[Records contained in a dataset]
━━━━━━━━━━━━━━━━

lemma is_unit_if_coprime_shifts:
  assumes "a \<noteq> 0" "b \<noteq> 0" "p \<noteq> 0"
    and shift: "h a * b * q = p * (h b * a)"
    and coprime: "\<And>i j. coprime ((h ^^ i) p) ((h ^^ j) q)"
  shows "is_unit p"
proof -
  let ?\<Omega> = "\<lambda>x. size (prime_factorization x)"
  have bound: "n * ?\<Omega> p \<le> ?\<Omega> a + ?\<Omega> b" for n
  proof -
    let ?P = "\<Prod>i<n. (h ^^ i) p" and ?Q = "\<Prod>i<n. (h ^^ i) q"
    have "coprime ?P ?Q"
      using coprime by (intro prod_coprime_left prod_coprime_right)
    moreover have "?P dvd (h ^^ n) a * b * ?Q"
      using funpow_quotient_telescope[OF assms(1,2) shift] by (metis dvd_triv_left)
    ultimately have "?P dvd (h ^^ n) a * b"
      by (simp add: coprime_dvd_mult_left_iff)
    moreover have "?P \<noteq> 0" "(h ^^ n) a * b \<noteq> 0"
      using assms(1-3) by simp_all
    ultimately have "?\<Omega> ?P \<le> ?\<Omega> ((h ^^ n) a * b)"
      by (simp add: size_mset_mono flip: prime_factorization_subset_iff_dvd)
    moreover have "?\<Omega> ?P = n * ?\<Omega> p"
      using assms(3) by (simp add: prime_factorization_prod)
    ultimately show ?thesis
      using assms(1,2) by (simp add: prime_factorization_mult)
  qed
  from bound[of "Suc (?\<Omega> a + ?\<Omega> b)"] have "?\<Omega> p = 0"
    by (cases "?\<Omega> p") simp_all
  with \<open>p \<noteq> 0\<close> show ?thesis
    by (simp add: prime_factorization_empty_iff)
qed

end

definition subst2 :: "('a::field_gcd \<Rightarrow> 'a) \<Rightarrow> 'a poly poly \<Rightarrow> 'a poly poly \<Rightarrow> 'a poly poly \<Rightarrow> 'a poly poly" where
  "subst2 s A B f = poly (map_poly (\<lambda>c. poly (map_poly (\<lambda>x. const2 (s x)) c) A) f) B"

lemma ring_hom_const2: "ring_hom const2"
  by unfold_locales (simp_all add: const2_def flip: one_pCons)

interpretation const2: ring_hom const2
  by (rule ring_hom_const2)

lemma ring_hom_subst2:
  assumes "ring_hom s"
  shows "ring_hom (subst2 s A B)"
proof -
  have "ring_hom (\<lambda>x. const2 (s x))"
    using ring_hom_comp[OF ring_hom_const2 assms] by (simp add: o_def)
  then have "ring_hom (\<lambda>c. poly (map_poly (\<lambda>x. const2 (s x)) c) A)"
    using ring_hom_comp[OF ring_hom_poly ring_hom_map_poly] by (simp add: o_def)
  then show ?thesis
    unfolding subst2_def using ring_hom_comp[OF ring_hom_poly ring_hom_map_poly] by (simp add: o_def)
qed

lemma poly_eq_sum_atMost:
  fixes p :: "'a::comm_semiring_1 poly"
  assumes "degree p \<le> n"
  shows "poly p x = (\<Sum>i\<le>n. coeff p i * x ^ i)"
  unfolding poly_altdef using assms
  by (intro sum.mono_neutral_left) (auto simp: coeff_eq_0)

lemma subst2_eq_sum:
  assumes "s 0 = 0"
  shows "subst2 s A B f = (\<Sum>j\<le>degree f. (\<Sum>i\<le>degree (coeff f j).
           const2 (s (coeff (coeff f j) i)) * A ^ i) * B ^ j)"
proof -
  let ?E = "\<lambda>c. poly (map_poly (\<lambda>x. const2 (s x)) c) A"
  have E: "?E c = (\<Sum>i\<le>degree c. const2 (s (coeff c i)) * A ^ i)" for c
    using assms by (simp add: poly_eq_sum_atMost[OF map_poly_degree_leq] coeff_map_poly const2.hom_zero)
  have "subst2 s A B f = (\<Sum>j\<le>degree f. coeff (map_poly ?E f) j * B ^ j)"
    unfolding subst2_def by (rule poly_eq_sum_atMost[OF map_poly_degree_leq])
  also have "\<dots> = (\<Sum>j\<le>degree f. ?E (coeff f j) * B ^ j)"
    by (simp only: coeff_map_poly[of ?E] map_poly_0 poly_0)
  finally show ?thesis
    by (simp only: E)
qed

lemma sigma_pol_eq_subst2:
  "s 0 = 0 \<Longrightarrow> sigma_pol s u v = subst2 s var_beta (const2 u * var_alpha + const2 v * var_beta)"
  by (simp add: fun_eq_iff sigma_pol_def subst2_eq_sum)

lemma subst2_const2: "s 0 = 0 \<Longrightarrow> subst2 s A B (const2 x) = const2 (s x)"
  by (simp add: subst2_def const2_def map_poly_pCons)

lemma subst2_var_alpha: "ring_hom s \<Longrightarrow> subst2 s A B var_alpha = A"
  by (simp add: subst2_def var_alpha_def const2_def map_poly_pCons ring_hom.hom_zero ring_hom.hom_one
      flip: one_pCons)

lemma subst2_var_beta: "ring_hom s \<Longrightarrow> subst2 s A B var_beta = B"
  by (simp add: subst2_def var_beta_def const2_def map_poly_pCons ring_hom.hom_zero ring_hom.hom_one
      flip: one_pCons)

lemma subst2_id: "subst2 (\<lambda>x. x) var_alpha var_beta f = f"
proof -
  have "poly (map_poly const2 c) var_alpha = [:c:]" for c :: "'a poly"
    by (induction c) (simp_all add: map_poly_pCons const2_def var_alpha_def)
  then show ?thesis
    by (simp add: subst2_def var_beta_def flip: pcompose_altdef)
qed

lemma subst2_subst2:
  assumes "ring_hom s" "ring_hom t"
  shows "subst2 s A B (subst2 t C D f) = subst2 (\<lambda>x. s (t x)) (subst2 s A B C) (subst2 s A B D) f"
proof -
  interpret s: ring_hom s by fact
  interpret t: ring_hom t by fact
  interpret S: ring_hom "subst2 s A B"
    using assms(1) by (rule ring_hom_subst2)
  have "subst2 s A B (subst2 t C D f) = subst2 s A B (\<Sum>j\<le>degree f. (\<Sum>i\<le>degree (coeff f j).
           const2 (t (coeff (coeff f j) i)) * C ^ i) * D ^ j)"
    by (simp only: subst2_eq_sum[of t, OF t.hom_zero])
  also have "\<dots> = (\<Sum>j\<le>degree f. (\<Sum>i\<le>degree (coeff f j).
           const2 (s (t (coeff (coeff f j) i))) * subst2 s A B C ^ i) * subst2 s A B D ^ j)"
    by (simp add: S.hom_sum S.hom_mult S.hom_power subst2_const2 s.hom_zero)
  also have "\<dots> = subst2 (\<lambda>x. s (t x)) (subst2 s A B C) (subst2 s A B D) f"
    by (rule subst2_eq_sum[symmetric]) (simp add: s.hom_zero t.hom_zero)
  finally show ?thesis .
qed

lemma subst2_linear:
  assumes "ring_hom s"
  shows "subst2 s A B (const2 a * var_alpha + const2 b * var_beta) = const2 (s a) * A + const2 (s b) * B"
proof -
  interpret ring_hom "subst2 s A B"
    using assms by (rule ring_hom_subst2)
  show ?thesis
    using assms by (simp add: hom_add hom_mult subst2_const2 subst2_var_alpha subst2_var_beta ring_hom.hom_zero)
qed

lemma ring_aut_sigma_pol:
  assumes "field_aut s" "u \<noteq> 0"
  shows "ring_aut (sigma_pol s u v)"
proof -
  have s: "ring_hom s" "bij s"
    using assms(1) unfolding field_aut_def by (simp_all add: ring_hom_def)
  define t where "t = inv s"
  have t: "ring_hom t"
    unfolding t_def using s by (rule ring_hom_inv)
  interpret s: ring_hom s by fact
  interpret t: ring_hom t by fact
  have st [simp]: "s (t x) = x" and ts [simp]: "t (s x) = x" for x
    unfolding t_def using s(2) by (simp_all add: bij_is_surj surj_f_inv_f bij_is_inj)
  define L where "L = const2 u * var_alpha + const2 v * var_beta"
  \<comment> \<open>\<open>\<tau>\<close> inverts \<open>\<sigma>\<close>: it sends \<open>\<beta>\<close> to \<open>\<alpha>\<close> and \<open>\<alpha>\<close> to \<open>(\<beta> - t v * \<alpha>) / t u\<close>.\<close>
  define C where "C = const2 (t (- v / u)) * var_alpha + const2 (t (1 / u)) * var_beta"
  define \<sigma> where "\<sigma> = subst2 s var_beta L"
  define \<tau> where "\<tau> = subst2 t C var_alpha"
  have "\<sigma> C = const2 (- v / u) * var_beta + const2 (1 / u) * (const2 u * var_alpha + const2 v * var_beta)"
    unfolding \<sigma>_def C_def L_def using s(1) by (simp add: subst2_linear)
  also have "\<dots> = const2 (1 / u * u) * var_alpha + const2 (- v / u + 1 / u * v) * var_beta"
    by (simp only: const2.hom_mult const2.hom_add) (simp add: algebra_simps)
  also have "\<dots> = var_alpha"
    using assms(2) by (simp add: const2.hom_one const2.hom_zero)
  finally have \<sigma>_C: "\<sigma> C = var_alpha" .
  have "\<tau> L = const2 (t u) * C + const2 (t v) * var_alpha"
    unfolding \<tau>_def L_def using t by (simp add: subst2_linear)
  also have "\<dots> = const2 (t (u * (- v / u) + v)) * var_alpha + const2 (t (u * (1 / u))) * var_beta"
    unfolding C_def by (simp only: t.hom_add t.hom_mult const2.hom_mult const2.hom_add) (simp add: algebra_simps)
  also have "\<dots> = var_beta"
    using assms(2) by (simp add: t.hom_zero t.hom_one const2.hom_one const2.hom_zero)
  finally have \<tau>_L: "\<tau> L = var_beta" .
  have "\<sigma> (\<tau> f) = f" for f
    using subst2_subst2[OF s(1) t, of var_beta L C var_alpha f] s(1)
    by (simp add: \<sigma>_def \<tau>_def [symmetric] \<sigma>_C [unfolded \<sigma>_def] subst2_var_alpha subst2_id)
  moreover have "\<tau> (\<sigma> f) = f" for f
    using subst2_subst2[OF t s(1), of C var_alpha var_beta L f] t
    by (simp add: \<tau>_def \<sigma>_def [symmetric] \<tau>_L [unfolded \<tau>_def] subst2_var_beta subst2_id)
  ultimately have "bij \<sigma>"
    by (intro o_bij[of \<tau>]) (simp_all add: fun_eq_iff)
  moreover have "sigma_pol s u v = \<sigma>"
    unfolding \<sigma>_def L_def by (rule sigma_pol_eq_subst2) (rule s.hom_zero)
  ultimately show ?thesis
    using ring_hom_subst2[OF s(1)] by (simp add: ring_aut_def ring_aut_axioms_def \<sigma>_def)
qed

lemma tdeg_eq_0_iff_is_unit:
  fixes x :: "'a::field_gcd poly poly"
  assumes "x \<noteq> 0"
  shows "tdeg x = 0 \<longleftrightarrow> is_unit x"
proof
  let ?S = "{degree (coeff x j) + j | j. j \<le> degree x \<and> coeff x j \<noteq> 0}"
  assume "tdeg x = 0"
  moreover have "finite ?S"
    by (rule finite_image_set) simp
  moreover have "degree (lead_coeff x) + degree x \<in> ?S"
    using assms by auto
  ultimately have "degree x = 0" "degree (coeff x 0) = 0"
    unfolding tdeg_def by (metis (no_types, lifting) Max_ge add_is_0 le_zero_eq)+
  with assms show "is_unit x"
    by (metis is_unit_poly_iff is_unit_const_poly_iff degree_0_id leading_coeff_0_iff
        dvd_field_iff)
next
  assume "is_unit x"
  then obtain c where "x = [:c:]" "is_unit c"
    by (auto simp: is_unit_poly_iff)
  then obtain k where "x = [:[:k:]:]" "k \<noteq> 0"
    by (metis is_unit_poly_iff not_is_unit_0)
  then show "tdeg x = 0"
    by (simp add: tdeg_def)
qed

lemma not_in_spread_iff_coprime:
  assumes "p \<noteq> 0"
  shows "m \<notin> spread s u v p q \<longleftrightarrow> coprime p ((sigma_pol s u v ^^ m) q)"
  using assms by (simp add: spread_def tdeg_eq_0_iff_is_unit coprime_iff_gcd_eq_1)

lemma sigma_rat_Fract:
  assumes "field_aut s" "u \<noteq> 0" "b \<noteq> 0"
  shows "sigma_rat s u v (Fract a b) = Fract (sigma_pol s u v a) (sigma_pol s u v b)"
proof -
  interpret \<sigma>: ring_aut "sigma_pol s u v"
    using assms(1,2) by (rule ring_aut_sigma_pol)
  define ab where "ab = (SOME (a', b'). b' \<noteq> 0 \<and> Fract a b = Fract a' b')"
  have "case ab of (a', b') \<Rightarrow> b' \<noteq> 0 \<and> Fract a b = Fract a' b'"
    unfolding ab_def by (rule someI_ex) (use assms(3) in auto)
  then obtain a' b' where ab: "ab = (a', b')" "b' \<noteq> 0" "a * b' = a' * b"
    using assms(3) by (cases ab) (auto simp: eq_fract)
  then have "sigma_pol s u v a * sigma_pol s u v b' = sigma_pol s u v a' * sigma_pol s u v b"
    by (metis \<sigma>.hom_mult)
  with ab assms(3) show ?thesis
    unfolding sigma_rat_def ab_def [symmetric] by (simp add: eq_fract)
qed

━━━━━━━━━━━━━━━━

The answer must be every line from the records above that contains the word "assumes", copied in full.

  assumes "a \<noteq> 0" "b \<noteq> 0" "p \<noteq> 0"
  assumes "ring_hom s"
  assumes "degree p \<le> n"
  assumes "s 0 = 0"
  assumes "ring_hom s" "ring_hom t"
  assumes "ring_hom s"
  assumes "field_aut s" "u \<noteq> 0"
  assumes "x \<noteq> 0"
  assumes "p \<noteq> 0"
  assumes "field_aut s" "u \<noteq> 0" "b \<noteq> 0"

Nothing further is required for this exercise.